About this task
Each line below needs to be repeated precisely as it is.

[Collected data]
lemma partial_fraction_split:
  fixes d k :: nat
  assumes "d > 0" "k > 0"
  shows "1 / (real k ^ Suc a * real (k + d) ^ Suc b) =
    (\<Sum>i<a. (-1) ^ i * real ((b + i) choose i) * (1 / (real d ^ (Suc b + i) * real k ^ (Suc a - i))))
    + (-1) ^ Suc a * (\<Sum>j<b. real ((a + j) choose j) * (1 / (real d ^ (Suc a + j) * real (k + d) ^ (Suc b - j))))
    + (-1) ^ a * real ((a + b) choose a) * ((1 / real k - 1 / real (k + d)) / real d ^ (a + b + 1))"
proof -
  have "(a + b) choose b = (a + b) choose a"
    using binomial_symmetric[of b "a + b"] by simp
  moreover have "(-1) ^ a * real ((a + b) choose a) / (real d ^ (a + b + 1) * real k)
        + (-1) ^ Suc a * (real ((a + b) choose a) / (real d ^ (a + b + 1) * real (k + d)))
      = (-1) ^ a * real ((a + b) choose a) * ((1 / real k - 1 / real (k + d)) / real d ^ (a + b + 1))"
  proof -
    have "s * c / (D * x) + (- s) * (c / (D * y)) = s * c * ((1 / x - 1 / y) / D)"
      if "D \<noteq> 0" "x \<noteq> 0" "y \<noteq> 0" for s c D x y :: real
      using that by (simp add: field_simps)
    thus ?thesis using assms by simp
  qed
  ultimately show ?thesis
    using partial_fraction[of "real k" "real d" "Suc a" "Suc b"] assms
    by (simp add: algebra_simps)
qed

lemma poly_linear_tendsto_0_at_top_imp_0:
  fixes p :: "real poly"
  assumes "degree p \<le> 1" and lim: "(poly p \<longlongrightarrow> 0) at_top"
  shows "p = 0"
proof -
  obtain a b where p: "p = [:a, b:]"
  proof
    show "p = [:coeff p 0, coeff p 1:]"
      using assms(1) by (auto simp: poly_eq_iff coeff_pCons split: nat.split intro: coeff_eq_0)
  qed
  have "filterlim (\<lambda>t::real. t + 1) at_top at_top" by real_asymp
  with lim have "((\<lambda>t. poly p (t + 1) - poly p t) \<longlongrightarrow> 0 - 0) at_top"
    by (intro tendsto_diff) (auto simp: o_def dest: filterlim_compose)
  hence "((\<lambda>t::real. b) \<longlongrightarrow> 0) at_top" by (simp add: p algebra_simps)
  hence b: "b = 0" by (simp add: tendsto_const_iff)
  hence "poly p = (\<lambda>t. a)" by (simp add: p fun_eq_iff)
  with lim have "((\<lambda>t::real. a) \<longlongrightarrow> 0) at_top" by simp
  hence "a = 0" by (simp add: tendsto_const_iff)
  with b show ?thesis by (simp add: p)
qed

Task solution
lemma partial_fraction_split:
  fixes d k :: nat
  assumes "d > 0" "k > 0"
  shows "1 / (real k ^ Suc a * real (k + d) ^ Suc b) =
    (\<Sum>i<a. (-1) ^ i * real ((b + i) choose i) * (1 / (real d ^ (Suc b + i) * real k ^ (Suc a - i))))
    + (-1) ^ Suc a * (\<Sum>j<b. real ((a + j) choose j) * (1 / (real d ^ (Suc a + j) * real (k + d) ^ (Suc b - j))))
    + (-1) ^ a * real ((a + b) choose a) * ((1 / real k - 1 / real (k + d)) / real d ^ (a + b + 1))"
proof -
  have "(a + b) choose b = (a + b) choose a"
    using binomial_symmetric[of b "a + b"] by simp
  moreover have "(-1) ^ a * real ((a + b) choose a) / (real d ^ (a + b + 1) * real k)
        + (-1) ^ Suc a * (real ((a + b) choose a) / (real d ^ (a + b + 1) * real (k + d)))
      = (-1) ^ a * real ((a + b) choose a) * ((1 / real k - 1 / real (k + d)) / real d ^ (a + b + 1))"
  proof -
    have "s * c / (D * x) + (- s) * (c / (D * y)) = s * c * ((1 / x - 1 / y) / D)"
      if "D \<noteq> 0" "x \<noteq> 0" "y \<noteq> 0" for s c D x y :: real
      using that by (simp add: field_simps)
    thus ?thesis using assms by simp
  qed
  ultimately show ?thesis
    using partial_fraction[of "real k" "real d" "Suc a" "Suc b"] assms
    by (simp add: algebra_simps)
qed

lemma poly_linear_tendsto_0_at_top_imp_0:
  fixes p :: "real poly"
  assumes "degree p \<le> 1" and lim: "(poly p \<longlongrightarrow> 0) at_top"
  shows "p = 0"
proof -
  obtain a b where p: "p = [:a, b:]"
  proof
    show "p = [:coeff p 0, coeff p 1:]"
      using assms(1) by (auto simp: poly_eq_iff coeff_pCons split: nat.split intro: coeff_eq_0)
  qed
  have "filterlim (\<lambda>t::real. t + 1) at_top at_top" by real_asymp
  with lim have "((\<lambda>t. poly p (t + 1) - poly p t) \<longlongrightarrow> 0 - 0) at_top"
    by (intro tendsto_diff) (auto simp: o_def dest: filterlim_compose)
  hence "((\<lambda>t::real. b) \<longlongrightarrow> 0) at_top" by (simp add: p algebra_simps)
  hence b: "b = 0" by (simp add: tendsto_const_iff)
  hence "poly p = (\<lambda>t. a)" by (simp add: p fun_eq_iff)
  with lim have "((\<lambda>t::real. a) \<longlongrightarrow> 0) at_top" by simp
  hence "a = 0" by (simp add: tendsto_const_iff)
  with b show ?thesis by (simp add: p)
qed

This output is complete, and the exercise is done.